As the answer, give every line of the records that includes the word "lucasR".

:: Stored data ::

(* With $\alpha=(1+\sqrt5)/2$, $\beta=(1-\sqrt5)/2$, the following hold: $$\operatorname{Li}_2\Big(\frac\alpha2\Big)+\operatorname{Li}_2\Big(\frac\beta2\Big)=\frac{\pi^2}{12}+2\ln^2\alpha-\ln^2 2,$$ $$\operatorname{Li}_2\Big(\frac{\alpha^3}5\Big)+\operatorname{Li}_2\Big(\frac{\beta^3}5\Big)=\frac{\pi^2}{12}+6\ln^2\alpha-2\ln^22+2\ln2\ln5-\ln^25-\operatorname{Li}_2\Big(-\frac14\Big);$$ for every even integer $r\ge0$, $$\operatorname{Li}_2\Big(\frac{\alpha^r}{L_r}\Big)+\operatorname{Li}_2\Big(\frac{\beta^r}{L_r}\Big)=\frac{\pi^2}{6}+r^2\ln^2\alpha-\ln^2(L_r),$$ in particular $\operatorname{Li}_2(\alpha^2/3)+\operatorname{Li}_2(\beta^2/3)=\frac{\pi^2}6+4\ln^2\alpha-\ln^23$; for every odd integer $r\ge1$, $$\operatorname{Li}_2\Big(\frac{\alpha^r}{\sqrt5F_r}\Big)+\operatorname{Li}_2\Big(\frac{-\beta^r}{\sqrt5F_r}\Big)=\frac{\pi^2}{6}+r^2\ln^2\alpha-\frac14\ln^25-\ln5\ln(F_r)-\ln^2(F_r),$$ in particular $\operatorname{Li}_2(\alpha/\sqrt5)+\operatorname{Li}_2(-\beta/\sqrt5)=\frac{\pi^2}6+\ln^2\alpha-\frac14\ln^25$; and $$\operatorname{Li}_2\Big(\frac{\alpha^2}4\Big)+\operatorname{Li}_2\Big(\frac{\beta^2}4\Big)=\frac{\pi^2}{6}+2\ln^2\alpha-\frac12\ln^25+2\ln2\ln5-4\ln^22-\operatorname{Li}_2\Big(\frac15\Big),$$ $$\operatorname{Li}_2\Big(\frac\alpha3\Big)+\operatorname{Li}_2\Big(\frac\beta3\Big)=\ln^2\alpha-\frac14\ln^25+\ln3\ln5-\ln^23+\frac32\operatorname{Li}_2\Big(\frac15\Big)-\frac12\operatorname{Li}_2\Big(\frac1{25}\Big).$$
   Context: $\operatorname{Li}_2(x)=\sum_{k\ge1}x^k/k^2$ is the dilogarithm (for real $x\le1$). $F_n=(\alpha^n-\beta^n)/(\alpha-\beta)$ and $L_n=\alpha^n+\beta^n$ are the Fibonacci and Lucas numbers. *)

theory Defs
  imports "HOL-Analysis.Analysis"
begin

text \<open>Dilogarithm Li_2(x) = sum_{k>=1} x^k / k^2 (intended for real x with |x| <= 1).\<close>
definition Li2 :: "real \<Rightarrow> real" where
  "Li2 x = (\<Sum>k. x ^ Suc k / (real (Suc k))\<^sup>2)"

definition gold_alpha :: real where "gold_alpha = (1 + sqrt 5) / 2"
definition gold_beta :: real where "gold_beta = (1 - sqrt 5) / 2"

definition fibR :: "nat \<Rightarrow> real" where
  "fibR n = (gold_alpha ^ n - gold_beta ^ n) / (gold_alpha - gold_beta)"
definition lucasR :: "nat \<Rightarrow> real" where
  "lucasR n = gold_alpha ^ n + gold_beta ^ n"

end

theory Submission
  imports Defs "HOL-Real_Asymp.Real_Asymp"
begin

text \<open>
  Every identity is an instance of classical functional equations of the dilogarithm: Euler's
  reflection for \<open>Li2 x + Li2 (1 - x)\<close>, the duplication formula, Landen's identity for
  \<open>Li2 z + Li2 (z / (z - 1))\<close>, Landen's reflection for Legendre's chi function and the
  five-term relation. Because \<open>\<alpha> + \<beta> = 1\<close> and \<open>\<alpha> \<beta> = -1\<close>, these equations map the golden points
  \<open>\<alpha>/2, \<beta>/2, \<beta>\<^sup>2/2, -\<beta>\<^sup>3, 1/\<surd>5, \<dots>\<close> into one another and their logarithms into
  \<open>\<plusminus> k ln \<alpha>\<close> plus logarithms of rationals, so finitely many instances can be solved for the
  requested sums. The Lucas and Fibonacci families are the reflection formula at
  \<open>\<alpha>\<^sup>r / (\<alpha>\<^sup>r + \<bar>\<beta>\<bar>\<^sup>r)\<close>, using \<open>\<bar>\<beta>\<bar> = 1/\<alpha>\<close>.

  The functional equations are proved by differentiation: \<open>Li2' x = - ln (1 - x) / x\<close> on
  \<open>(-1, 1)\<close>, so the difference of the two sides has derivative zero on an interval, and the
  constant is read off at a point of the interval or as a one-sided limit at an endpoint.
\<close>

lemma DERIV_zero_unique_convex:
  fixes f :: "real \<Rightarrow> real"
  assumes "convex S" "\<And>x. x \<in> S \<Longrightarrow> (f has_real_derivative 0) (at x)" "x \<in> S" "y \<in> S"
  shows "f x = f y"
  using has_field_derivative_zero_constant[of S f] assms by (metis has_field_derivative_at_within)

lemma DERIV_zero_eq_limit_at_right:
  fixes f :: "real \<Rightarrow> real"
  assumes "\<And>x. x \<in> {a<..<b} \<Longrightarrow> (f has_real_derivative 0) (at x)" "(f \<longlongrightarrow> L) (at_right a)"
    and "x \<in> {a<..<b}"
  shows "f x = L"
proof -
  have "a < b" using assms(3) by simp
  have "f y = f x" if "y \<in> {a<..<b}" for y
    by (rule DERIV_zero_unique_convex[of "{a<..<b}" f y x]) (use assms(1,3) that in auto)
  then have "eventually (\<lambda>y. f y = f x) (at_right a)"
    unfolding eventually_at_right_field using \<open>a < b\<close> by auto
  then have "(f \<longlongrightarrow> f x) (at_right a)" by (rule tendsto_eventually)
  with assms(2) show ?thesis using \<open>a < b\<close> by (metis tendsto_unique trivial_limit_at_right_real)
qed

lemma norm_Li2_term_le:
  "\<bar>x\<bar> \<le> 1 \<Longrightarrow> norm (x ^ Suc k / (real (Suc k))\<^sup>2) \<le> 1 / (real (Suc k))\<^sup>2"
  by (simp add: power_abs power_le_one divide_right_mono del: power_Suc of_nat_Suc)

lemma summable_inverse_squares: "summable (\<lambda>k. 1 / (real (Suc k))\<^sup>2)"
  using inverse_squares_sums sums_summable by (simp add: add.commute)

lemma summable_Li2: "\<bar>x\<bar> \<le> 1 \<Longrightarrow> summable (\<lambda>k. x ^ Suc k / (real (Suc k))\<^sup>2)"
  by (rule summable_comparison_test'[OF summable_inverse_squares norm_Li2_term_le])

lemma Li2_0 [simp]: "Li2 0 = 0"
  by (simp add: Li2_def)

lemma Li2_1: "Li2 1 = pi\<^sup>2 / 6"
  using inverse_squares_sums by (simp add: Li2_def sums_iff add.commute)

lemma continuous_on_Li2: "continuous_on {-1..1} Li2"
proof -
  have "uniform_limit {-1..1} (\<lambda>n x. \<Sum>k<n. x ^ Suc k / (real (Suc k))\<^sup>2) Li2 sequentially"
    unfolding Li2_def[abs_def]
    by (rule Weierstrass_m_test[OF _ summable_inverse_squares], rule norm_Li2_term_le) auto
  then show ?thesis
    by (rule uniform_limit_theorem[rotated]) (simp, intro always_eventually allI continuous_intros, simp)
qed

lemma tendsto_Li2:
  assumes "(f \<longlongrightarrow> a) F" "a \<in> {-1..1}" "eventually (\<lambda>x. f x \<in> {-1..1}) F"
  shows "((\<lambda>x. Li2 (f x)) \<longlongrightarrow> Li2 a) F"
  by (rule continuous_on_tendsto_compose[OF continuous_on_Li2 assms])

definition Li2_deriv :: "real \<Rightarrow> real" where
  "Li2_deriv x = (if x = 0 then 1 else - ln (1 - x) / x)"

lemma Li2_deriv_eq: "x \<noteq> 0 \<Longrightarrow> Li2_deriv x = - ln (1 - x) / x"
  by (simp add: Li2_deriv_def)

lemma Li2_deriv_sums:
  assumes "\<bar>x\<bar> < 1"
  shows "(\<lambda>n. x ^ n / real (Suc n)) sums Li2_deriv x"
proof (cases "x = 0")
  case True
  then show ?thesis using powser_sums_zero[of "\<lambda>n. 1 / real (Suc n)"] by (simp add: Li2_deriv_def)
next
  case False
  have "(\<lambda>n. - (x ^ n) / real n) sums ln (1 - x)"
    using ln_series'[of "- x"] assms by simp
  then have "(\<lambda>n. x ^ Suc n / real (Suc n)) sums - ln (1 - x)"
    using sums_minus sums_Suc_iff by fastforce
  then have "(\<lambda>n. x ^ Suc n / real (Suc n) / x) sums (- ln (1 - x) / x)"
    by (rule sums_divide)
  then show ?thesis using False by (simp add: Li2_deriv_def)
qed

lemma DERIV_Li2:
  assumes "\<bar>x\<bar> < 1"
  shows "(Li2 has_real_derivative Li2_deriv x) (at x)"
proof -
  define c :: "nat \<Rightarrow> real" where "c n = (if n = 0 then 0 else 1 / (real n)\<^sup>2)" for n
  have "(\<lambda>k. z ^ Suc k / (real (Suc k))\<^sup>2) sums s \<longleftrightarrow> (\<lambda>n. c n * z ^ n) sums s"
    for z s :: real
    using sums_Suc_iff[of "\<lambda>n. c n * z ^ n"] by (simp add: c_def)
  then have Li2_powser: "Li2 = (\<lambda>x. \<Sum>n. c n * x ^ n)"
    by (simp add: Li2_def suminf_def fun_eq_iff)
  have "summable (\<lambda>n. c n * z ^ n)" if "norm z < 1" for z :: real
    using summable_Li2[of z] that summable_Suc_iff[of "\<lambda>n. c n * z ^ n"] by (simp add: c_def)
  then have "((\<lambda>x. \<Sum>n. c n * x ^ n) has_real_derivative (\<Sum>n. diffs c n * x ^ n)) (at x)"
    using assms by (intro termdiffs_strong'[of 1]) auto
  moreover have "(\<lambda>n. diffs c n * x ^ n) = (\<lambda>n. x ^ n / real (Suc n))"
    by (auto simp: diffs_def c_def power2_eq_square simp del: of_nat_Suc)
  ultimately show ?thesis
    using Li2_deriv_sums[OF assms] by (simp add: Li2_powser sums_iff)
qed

:::
:: Stored data ::

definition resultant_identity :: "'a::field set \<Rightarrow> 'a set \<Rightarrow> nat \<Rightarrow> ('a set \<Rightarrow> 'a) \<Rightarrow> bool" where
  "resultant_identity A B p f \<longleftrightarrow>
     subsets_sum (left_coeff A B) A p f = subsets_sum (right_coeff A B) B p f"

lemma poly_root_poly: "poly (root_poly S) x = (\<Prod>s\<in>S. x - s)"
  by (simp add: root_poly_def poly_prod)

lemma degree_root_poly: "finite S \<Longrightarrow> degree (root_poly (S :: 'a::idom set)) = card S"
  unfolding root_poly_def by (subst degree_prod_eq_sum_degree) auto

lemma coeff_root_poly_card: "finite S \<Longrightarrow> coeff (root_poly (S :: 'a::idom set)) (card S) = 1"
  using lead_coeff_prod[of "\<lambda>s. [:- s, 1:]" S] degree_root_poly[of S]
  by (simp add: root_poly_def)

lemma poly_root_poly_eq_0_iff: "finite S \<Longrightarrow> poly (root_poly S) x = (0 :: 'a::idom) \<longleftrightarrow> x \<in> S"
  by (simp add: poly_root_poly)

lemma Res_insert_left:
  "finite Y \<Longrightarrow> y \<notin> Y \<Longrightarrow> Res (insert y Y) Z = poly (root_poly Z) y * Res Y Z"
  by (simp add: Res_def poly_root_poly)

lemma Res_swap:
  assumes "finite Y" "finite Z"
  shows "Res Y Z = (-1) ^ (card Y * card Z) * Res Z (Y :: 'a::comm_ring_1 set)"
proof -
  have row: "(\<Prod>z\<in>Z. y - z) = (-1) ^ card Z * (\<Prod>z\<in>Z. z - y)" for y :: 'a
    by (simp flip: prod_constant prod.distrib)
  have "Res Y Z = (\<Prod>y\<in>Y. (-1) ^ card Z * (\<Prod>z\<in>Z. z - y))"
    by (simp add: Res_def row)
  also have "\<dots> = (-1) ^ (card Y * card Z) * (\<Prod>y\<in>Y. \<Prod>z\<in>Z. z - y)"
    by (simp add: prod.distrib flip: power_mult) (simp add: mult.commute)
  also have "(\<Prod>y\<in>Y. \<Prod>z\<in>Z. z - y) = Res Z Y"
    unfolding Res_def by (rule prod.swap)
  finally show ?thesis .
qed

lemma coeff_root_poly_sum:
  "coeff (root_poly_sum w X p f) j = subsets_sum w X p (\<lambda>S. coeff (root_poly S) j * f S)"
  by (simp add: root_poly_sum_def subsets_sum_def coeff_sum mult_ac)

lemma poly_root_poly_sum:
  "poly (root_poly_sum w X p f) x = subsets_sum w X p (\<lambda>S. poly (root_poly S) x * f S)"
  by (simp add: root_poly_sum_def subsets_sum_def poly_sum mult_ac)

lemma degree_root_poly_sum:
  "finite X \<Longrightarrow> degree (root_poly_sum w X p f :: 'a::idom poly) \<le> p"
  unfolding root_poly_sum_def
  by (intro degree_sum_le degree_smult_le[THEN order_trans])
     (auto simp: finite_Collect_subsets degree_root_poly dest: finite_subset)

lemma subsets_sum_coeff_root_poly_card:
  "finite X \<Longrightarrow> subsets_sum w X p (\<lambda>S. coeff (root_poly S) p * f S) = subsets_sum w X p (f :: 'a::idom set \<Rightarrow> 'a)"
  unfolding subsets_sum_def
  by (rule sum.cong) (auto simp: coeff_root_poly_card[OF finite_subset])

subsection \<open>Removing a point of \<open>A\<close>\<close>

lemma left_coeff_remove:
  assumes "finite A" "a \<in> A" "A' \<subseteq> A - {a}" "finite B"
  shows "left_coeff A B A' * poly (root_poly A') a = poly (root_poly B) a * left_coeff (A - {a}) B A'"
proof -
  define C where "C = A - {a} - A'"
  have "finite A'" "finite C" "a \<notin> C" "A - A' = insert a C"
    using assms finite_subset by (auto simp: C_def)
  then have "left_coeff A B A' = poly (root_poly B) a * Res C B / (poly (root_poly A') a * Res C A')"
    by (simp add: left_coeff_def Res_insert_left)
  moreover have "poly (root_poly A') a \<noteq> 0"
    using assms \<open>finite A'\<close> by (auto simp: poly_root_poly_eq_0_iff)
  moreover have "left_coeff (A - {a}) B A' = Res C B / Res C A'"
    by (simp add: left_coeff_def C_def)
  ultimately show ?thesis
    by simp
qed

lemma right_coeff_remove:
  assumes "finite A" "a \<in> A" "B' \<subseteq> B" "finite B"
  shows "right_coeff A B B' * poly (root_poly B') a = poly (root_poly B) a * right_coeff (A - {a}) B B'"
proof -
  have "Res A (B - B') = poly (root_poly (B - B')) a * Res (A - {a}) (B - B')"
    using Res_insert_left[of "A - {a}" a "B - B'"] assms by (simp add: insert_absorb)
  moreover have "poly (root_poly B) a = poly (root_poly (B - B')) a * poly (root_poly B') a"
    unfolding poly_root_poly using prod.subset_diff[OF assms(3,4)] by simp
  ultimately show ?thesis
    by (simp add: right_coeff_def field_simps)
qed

:::

Response to the exercise
definition lucasR :: "nat \<Rightarrow> real" where
  "lucasR n = gold_alpha ^ n + gold_beta ^ n"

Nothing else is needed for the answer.